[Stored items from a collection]
⁂
definition R1 :: "(real^3) set \<Rightarrow> ((real^3) \<Rightarrow> real) \<Rightarrow> real" where
  "R1 \<Omega> u = sph_integral \<Omega> (\<lambda>\<xi>. 1 / (1 + (norm (sph_grad u \<xi>))\<^sup>2))"

end

theory Submission
  imports Defs
begin

text \<open>Every admissible \<open>u\<close> has \<open>R1 \<Omega> u > 0\<close>, since the integrand is positive and the cone over the
  relatively open set \<open>\<Omega>\<close> has interior; so it suffices to make \<open>R1\<close> arbitrarily small. The zigzag
  \<open>u\<^sub>m(\<xi>) = H/\<pi> arccos (cos (\<pi> m \<xi>\<^sub>3))\<close> has \<open>m\<close> teeth of height \<open>H\<close> along the polar axis. Away from
  the finitely many circles of latitude where it bends, \<open>|\<nabla>u\<^sub>m|\<^sup>2 = (H m)\<^sup>2 (1 - \<xi>\<^sub>3\<^sup>2)\<close>, so the integrand
  \<open>1 / (1 + |\<nabla>u\<^sub>m|\<^sup>2)\<close> is uniformly small except near the poles, whose contribution is controlled by
  a thin box of width \<open>s\<close> around the polar axis: \<open>R1 \<Omega> u\<^sub>m \<le> 24 (1 / (1 + (H m s)\<^sup>2) + s\<^sup>2)\<close>.\<close>

lemma closed_S2: "closed S2"
  by (simp add: S2_def)

lemma S2_component_bound: "x \<in> S2 \<Longrightarrow> \<bar>x $ i\<bar> \<le> 1"
  using component_le_norm_cart[of x i] by (simp add: S2_def)

lemma norm_sq_real3: "(norm (x::real^3))\<^sup>2 = (x$1)\<^sup>2 + (x$2)\<^sup>2 + (x$3)\<^sup>2"
  unfolding power2_norm_eq_inner by (simp add: inner_vec_def sum_3 power2_eq_square)

lemma sph_domain_subset_S2: "sph_domain \<Omega> \<Longrightarrow> \<Omega> \<subseteq> S2"
  unfolding sph_domain_def by (metis openin_subset topspace_euclidean_subtopology)

lemma sph_domain_closure_subset_S2: "sph_domain \<Omega> \<Longrightarrow> closure \<Omega> \<subseteq> S2"
  using sph_domain_subset_S2 closed_S2 closure_minimal by blast

lemma inverse_one_plus_bounds:
  fixes t :: real
  assumes "0 \<le> t"
  shows "0 < 1 / (1 + t)" "1 / (1 + t) \<le> 1" "\<bar>1 / (1 + t)\<bar> \<le> 1"
  using assms by simp_all

section \<open>Spherical gradients\<close>

lemma inner_has_derivative_zero_within_sphere:
  fixes \<xi> :: "'a::real_inner"
  assumes "norm \<xi> = 1"
  shows "((\<lambda>y. \<xi> \<bullet> y) has_derivative (\<lambda>v. 0)) (at \<xi> within sphere 0 1)"
proof -
  have deriv: "((\<lambda>y. 1 - ((y - \<xi>) \<bullet> (y - \<xi>)) / 2) has_derivative (\<lambda>v. 0)) (at \<xi> within sphere 0 1)"
    by (auto intro!: derivative_eq_intros)
  have eq: "\<xi> \<bullet> y = 1 - ((y - \<xi>) \<bullet> (y - \<xi>)) / 2" if "y \<in> sphere 0 1" for y
  proof -
    have "y \<bullet> y = 1" "\<xi> \<bullet> \<xi> = 1" using that assms norm_eq_1 by auto
    then show ?thesis by (simp add: inner_diff_left inner_diff_right inner_commute field_simps)
  qed
  show ?thesis
    by (rule has_derivative_transform[OF _ eq deriv]) (use assms in auto)
qed

lemma tangent_derivative_unique:
  fixes \<xi> p q :: "'a::real_inner"
  assumes "norm \<xi> = 1" and "p \<bullet> \<xi> = 0" "q \<bullet> \<xi> = 0"
    and p: "(f has_derivative (\<lambda>v. p \<bullet> v)) (at \<xi> within sphere 0 1)"
    and q: "(f has_derivative (\<lambda>v. q \<bullet> v)) (at \<xi> within sphere 0 1)"
  shows "p = q"
proof (rule ccontr)
  assume "p \<noteq> q"
  define n where "n = (p - q) /\<^sub>R norm (p - q)"
  have "norm n = 1" using \<open>p \<noteq> q\<close> by (simp add: n_def)
  then have n: "n \<bullet> n = 1" using norm_eq_1 by blast
  have "n \<bullet> \<xi> = 0" using assms by (simp add: n_def inner_diff_left)
  have "\<xi> \<bullet> \<xi> = 1" using assms norm_eq_1 by blast
  \<comment> \<open>compare the two derivatives along the great circle through \<open>\<xi>\<close> in the direction of \<open>p - q\<close>\<close>
  define \<gamma> where "\<gamma> t = cos t *\<^sub>R \<xi> + sin t *\<^sub>R n" for t :: real
  have "\<gamma> t \<in> sphere 0 1" for t
  proof -
    have "\<gamma> t \<bullet> \<gamma> t = (cos t)\<^sup>2 + (sin t)\<^sup>2"
      using \<open>\<xi> \<bullet> \<xi> = 1\<close> \<open>n \<bullet> \<xi> = 0\<close> n
      by (simp add: \<gamma>_def inner_add_left inner_add_right inner_commute power2_eq_square)
    then show ?thesis by (simp add: norm_eq_1)
  qed
  then have range: "\<gamma> ` UNIV \<subseteq> sphere 0 1" by blast
  have d\<gamma>: "(\<gamma> has_derivative (\<lambda>t. t *\<^sub>R n)) (at 0)"
    unfolding \<gamma>_def by (auto intro!: derivative_eq_intros)
  have "\<gamma> 0 = \<xi>" by (simp add: \<gamma>_def)
  have "((\<lambda>t. f (\<gamma> t)) has_derivative (\<lambda>t. r \<bullet> (t *\<^sub>R n))) (at 0)"
    if "(f has_derivative (\<lambda>v. r \<bullet> v)) (at \<xi> within sphere 0 1)" for r
    using has_derivative_in_compose[OF d\<gamma> has_derivative_subset[OF that[folded \<open>\<gamma> 0 = \<xi>\<close>] range]]
    by simp
  from has_derivative_unique[OF this[OF p] this[OF q]]
  have "p \<bullet> n = q \<bullet> n" by (metis mult_1 inner_scaleR_right)
  moreover have "(p - q) \<bullet> n = norm (p - q)"
    using \<open>p \<noteq> q\<close> by (simp add: n_def dot_square_norm power2_eq_square)
  ultimately show False using \<open>p \<noteq> q\<close> by (simp add: inner_diff_left)
qed

lemma sph_grad_eqI:
  assumes "\<xi> \<in> S2" "p \<bullet> \<xi> = 0" "(u has_derivative (\<lambda>v. p \<bullet> v)) (at \<xi> within S2)"
  shows "sph_grad u \<xi> = p"
  unfolding sph_grad_def
proof (rule the_equality)
  fix q assume "q \<bullet> \<xi> = 0 \<and> (u has_derivative (\<lambda>v. q \<bullet> v)) (at \<xi> within S2)"
  then show "q = p"
    using tangent_derivative_unique[of \<xi> q p u] assms by (auto simp: S2_def)
qed (use assms in auto)

lemma sph_grad_eq_on_openin:
  assumes P: "openin (top_of_set S2) P" "\<xi> \<in> P" and eq: "\<And>y. y \<in> P \<Longrightarrow> u y = g y"
    and g: "(g has_derivative (\<lambda>v. w \<bullet> v)) (at \<xi>)"
  shows "sph_grad u \<xi> = w - (w \<bullet> \<xi>) *\<^sub>R \<xi>"
proof (rule sph_grad_eqI)
  have "\<xi> \<in> S2" using P openin_subset by fastforce
  then show "\<xi> \<in> S2" "(w - (w \<bullet> \<xi>) *\<^sub>R \<xi>) \<bullet> \<xi> = 0"
    by (simp_all add: S2_def inner_diff_left dot_square_norm)
  define c where "c = w \<bullet> \<xi>"
  \<comment> \<open>\<open>\<xi> \<bullet> y\<close> is stationary along the sphere at \<open>\<xi>\<close>, so subtracting \<open>c (\<xi> \<bullet> y)\<close>
    removes the normal part of \<open>w\<close>\<close>
  have "((\<lambda>y. (g y - c * (\<xi> \<bullet> y)) + c * (\<xi> \<bullet> y)) has_derivative
          (\<lambda>v. (w \<bullet> v - c * (\<xi> \<bullet> v)) + c * 0)) (at \<xi> within S2)"
    using inner_has_derivative_zero_within_sphere[of \<xi>] \<open>\<xi> \<in> S2\<close>
    by (intro has_derivative_add has_derivative_mult_right has_derivative_diff
        has_derivative_at_withinI[OF g]) (auto simp: S2_def intro!: derivative_eq_intros)
  then have "(g has_derivative (\<lambda>v. (w - c *\<^sub>R \<xi>) \<bullet> v)) (at \<xi> within S2)"
    by (simp add: inner_diff_right inner_commute)
  moreover obtain e where "e > 0" "ball \<xi> e \<inter> S2 \<subseteq> P"
    using P openin_contains_ball by metis
  ultimately show "(u has_derivative (\<lambda>v. (w - (w \<bullet> \<xi>) *\<^sub>R \<xi>) \<bullet> v)) (at \<xi> within S2)"
    unfolding c_def using eq \<open>\<xi> \<in> S2\<close>
    by (elim has_derivative_transform_within) (force simp: dist_commute)+
qed

lemma continuous_at_within_openin:
  assumes "openin (top_of_set T) P" "x \<in> P" "continuous_on P f"
  shows "continuous (at x within T) f"
proof -
  obtain V where "open V" "P = T \<inter> V" using assms(1) by (auto simp: openin_open)
  then have "at x within T = at x within P"
    using assms(2) by (intro at_within_nhd[of x V]) auto
  then show ?thesis using assms(2,3) by (simp add: continuous_on_eq_continuous_within)
qed

lemma continuous_on_sph_grad_openin:
  assumes "openin (top_of_set S2) P" and eq: "\<And>y. y \<in> P \<Longrightarrow> u y = g y"
    and g: "\<And>y. y \<in> P \<Longrightarrow> (g has_derivative (\<lambda>v. g' y \<bullet> v)) (at y)"
    and "continuous_on P g'"
  shows "continuous_on P (sph_grad u)"
proof (rule continuous_on_eq)
  show "continuous_on P (\<lambda>y. g' y - (g' y \<bullet> y) *\<^sub>R y)"
    using assms(4) by (intro continuous_intros)
  show "g' y - (g' y \<bullet> y) *\<^sub>R y = sph_grad u y" if "y \<in> P" for y
    using sph_grad_eq_on_openin[OF assms(1) that eq g[OF that]] by simp
qed
definition lie_br :: "('a::ab_group_add \<Rightarrow> 'a \<Rightarrow> 'a) \<Rightarrow> 'a \<Rightarrow> 'a \<Rightarrow> 'a" where
  "lie_br br x y = br x y + br y x"

definition two_sided_ideal :: "('k::field \<Rightarrow> 'a::ab_group_add \<Rightarrow> 'a) \<Rightarrow> ('a \<Rightarrow> 'a \<Rightarrow> 'a) \<Rightarrow> 'a set \<Rightarrow> bool" where
  "two_sided_ideal s br I \<longleftrightarrow> Modules.module.subspace s I \<and> (\<forall>x\<in>I. \<forall>y. br x y \<in> I \<and> br y x \<in> I)"

definition gen_ideal :: "('k::field \<Rightarrow> 'a::ab_group_add \<Rightarrow> 'a) \<Rightarrow> ('a \<Rightarrow> 'a \<Rightarrow> 'a) \<Rightarrow> 'a set \<Rightarrow> 'a set" where
  "gen_ideal s br S = \<Inter>{I. two_sided_ideal s br I \<and> S \<subseteq> I}"

definition lie_comm :: "('k::field \<Rightarrow> 'a::ab_group_add \<Rightarrow> 'a) \<Rightarrow> ('a \<Rightarrow> 'a \<Rightarrow> 'a) \<Rightarrow> 'a set \<Rightarrow> 'a set \<Rightarrow> 'a set" where
  "lie_comm s br M N = gen_ideal s br {lie_br br m x | m x. m \<in> M \<and> x \<in> N}"

text \<open>Lower Lie-central series, indexed as in the paper: gamma 1 = g, gamma i = [gamma (i-1), g]_Lie.
  (The index 0 is junk and set to the whole algebra.)\<close>
fun lower_lie :: "('k::field \<Rightarrow> 'a::ab_group_add \<Rightarrow> 'a) \<Rightarrow> ('a \<Rightarrow> 'a \<Rightarrow> 'a) \<Rightarrow> nat \<Rightarrow> 'a set" where
  "lower_lie s br 0 = UNIV"
| "lower_lie s br (Suc 0) = UNIV"
| "lower_lie s br (Suc (Suc i)) = lie_comm s br (lower_lie s br (Suc i)) UNIV"

fun upper_lie :: "('a::ab_group_add \<Rightarrow> 'a \<Rightarrow> 'a) \<Rightarrow> nat \<Rightarrow> 'a set" where
  "upper_lie br 0 = {0}"
| "upper_lie br (Suc i) = {x. \<forall>y. lie_br br x y \<in> upper_lie br i}"

definition n_lie_stem :: "nat \<Rightarrow> ('k::field \<Rightarrow> 'a::ab_group_add \<Rightarrow> 'a) \<Rightarrow> ('a \<Rightarrow> 'a \<Rightarrow> 'a) \<Rightarrow> bool" where
  "n_lie_stem n s br \<longleftrightarrow> upper_lie br n \<subseteq> lower_lie s br (n + 1)"

fun iter_lie :: "('a::ab_group_add \<Rightarrow> 'a \<Rightarrow> 'a) \<Rightarrow> (nat \<Rightarrow> 'a) \<Rightarrow> nat \<Rightarrow> 'a" where
  "iter_lie br x 0 = x 0"
| "iter_lie br x (Suc k) = lie_br br (iter_lie br x k) (x (Suc k))"

text \<open>Coset x + Z; the quotient g/Z is the set of all cosets.\<close>
definition coset :: "'a::ab_group_add set \<Rightarrow> 'a \<Rightarrow> 'a set" where
  "coset Z x = {x + z | z. z \<in> Z}"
⁂
## Exercise:
What lines of the preceding data include the string "along"? Pull them out.

## Solution to this problem:
  \<open>u\<^sub>m(\<xi>) = H/\<pi> arccos (cos (\<pi> m \<xi>\<^sub>3))\<close> has \<open>m\<close> teeth of height \<open>H\<close> along the polar axis. Away from
  \<comment> \<open>compare the two derivatives along the great circle through \<open>\<xi>\<close> in the direction of \<open>p - q\<close>\<close>
  \<comment> \<open>\<open>\<xi> \<bullet> y\<close> is stationary along the sphere at \<open>\<xi>\<close>, so subtracting \<open>c (\<xi> \<bullet> y)\<close>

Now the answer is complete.